ES4 draft: Name

Waldemar Horwat waldemar at
Fri Mar 21 14:40:17 PDT 2008

Lars Hansen wrote:
> The operators |==| and |===| compare as equal two |Name| objects that 
> are separately created from the same (qualifier,identifier) pair; 
> similarly, the operators |!=| and |!==| compare as not equal two |Name| 
> objects that are separately created from (qualifier,identifier) pairs.

This is a non-sequitur.  I agree with the intent, but, as stated this would indicate that:

  !(new Name(123) == new Name("123")) from the first clause

Worse, as written, both
  new Name("abc") == new Name("abc")
  new Name("abc") != new Name("abc")
would be true!

What you want to state instead is that |Name| objects are equal iff their qualifier and identifier properties are equal.

What happens if you call new Name() with either zero or three or more arguments?

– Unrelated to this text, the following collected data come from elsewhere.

section \<open>Chordal graphs\<close>

lemma chordal_adj_induced_path:
  assumes "chordal V E" "induced_path E ps" "set ps \<subseteq> V" "c \<in> V" "c \<notin> set ps" "ps \<noteq> []"
    and "adj E c (hd ps)" "adj E c (last ps)"
  shows "\<forall>a\<in>set ps. adj E c a"
  using assms(2-)
proof (induction "length ps" arbitrary: ps rule: less_induct)
  case less
  let ?n = "length ps"
  \<comment> \<open>A neighbour of c inside ps splits ps into two shorter paths; without one,
    c and ps form an induced cycle, which chordality allows only for three vertices.\<close>
  show ?case
  proof (cases "\<exists>i. 0 < i \<and> i < ?n - 1 \<and> adj E c (ps ! i)")
    case True
    then obtain i where i: "0 < i" "i < ?n - 1" "adj E c (ps ! i)" by blast
    have "\<forall>a\<in>set (take (Suc i) ps). adj E c a"
      using less.prems i
      by (intro less.hyps) (auto simp: induced_path_take hd_conv_nth last_conv_nth dest: in_set_takeD)
    moreover have "\<forall>a\<in>set (drop i ps). adj E c a"
      using less.prems i
      by (intro less.hyps) (auto simp: induced_path_drop hd_drop_conv_nth dest: in_set_dropD)
    moreover have "set ps \<subseteq> set (take (Suc i) ps) \<union> set (drop i ps)"
      by (metis append_take_drop_id set_append set_take_subset_set_take Un_mono le_SucI order_refl)
    ultimately show ?thesis by blast
  next
    case False
    have "?n \<le> 2"
    proof (rule ccontr)
      assume "\<not> ?n \<le> 2"
      moreover have "adj E c (ps ! i) \<longleftrightarrow> i = 0 \<or> i = ?n - 1" if "i < ?n" for i
        using False less.prems that
        by (cases "i = 0 \<or> i = ?n - 1") (auto simp: hd_conv_nth last_conv_nth dest!: spec[of _ i])
      ultimately have "induced_cycle V E (c # ps)"
        using less.prems by (simp add: induced_cycle_Cons_iff)
      then show False using assms(1) \<open>\<not> ?n \<le> 2\<close> by (auto simp: chordal_def)
    qed
    then have "set ps = {hd ps, last ps}"
      using \<open>ps \<noteq> []\<close> by (cases ps; cases "tl ps") auto
    then show ?thesis using less.prems by simp
  qed
qed

lemma chordal_common_neighbours_clique:
  assumes "E \<subseteq> complete_graph V" "chordal V E" "x \<in> V" "y \<in> V" "x \<noteq> y" "\<not> adj E x y"
  shows "is_clique V E (neighbours V E x \<inter> neighbours V E y)"
  unfolding is_clique_def
proof (intro conjI ballI impI)
  fix c d assume c: "c \<in> neighbours V E x \<inter> neighbours V E y"
    and d: "d \<in> neighbours V E x \<inter> neighbours V E y" and "c \<noteq> d"
  show "adj E c d"
  proof (rule ccontr)
    assume "\<not> adj E c d"
    moreover have adj: "adj E x c" "adj E x d" "adj E y c" "adj E y d" and "c \<in> V" "d \<in> V"
      using c d by (auto simp: neighbours_def)
    moreover have "x \<noteq> c" "x \<noteq> d" "y \<noteq> c" "y \<noteq> d"
      using adj_complete_graphD[OF assms(1) adj(1)] adj_complete_graphD[OF assms(1) adj(2)]
        adj_complete_graphD[OF assms(1) adj(3)] adj_complete_graphD[OF assms(1) adj(4)] by simp_all
    ultimately have "induced_cycle V E [x, c, y, d]"
      using assms \<open>c \<noteq> d\<close>
      by (simp add: induced_cycle_Cons_iff induced_path_def less_Suc_eq adj_commute)
    then show False using assms(2) by (auto simp: chordal_def)
  qed
qed (auto simp: neighbours_def)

var x:Name = new Name(my_namespace, "xyz");
var y:Name = Name(x);

Now x is as you'd expect, but y is a Name whose namespace is null and identifier is "MyNamespace::xyz" (or whatever toString does on x).

The relational operators are broken on Name objects.  For example,

  a <= b

is not equivalent to

  a == b || a < b

For another example, you can have two Name objects for which none of

  a < b, a == b, a > b

is true.  This makes it difficult to sort these, put them into ordered containers, etc.

The counterexamples to these invariants are the very x and y from the prior example :-).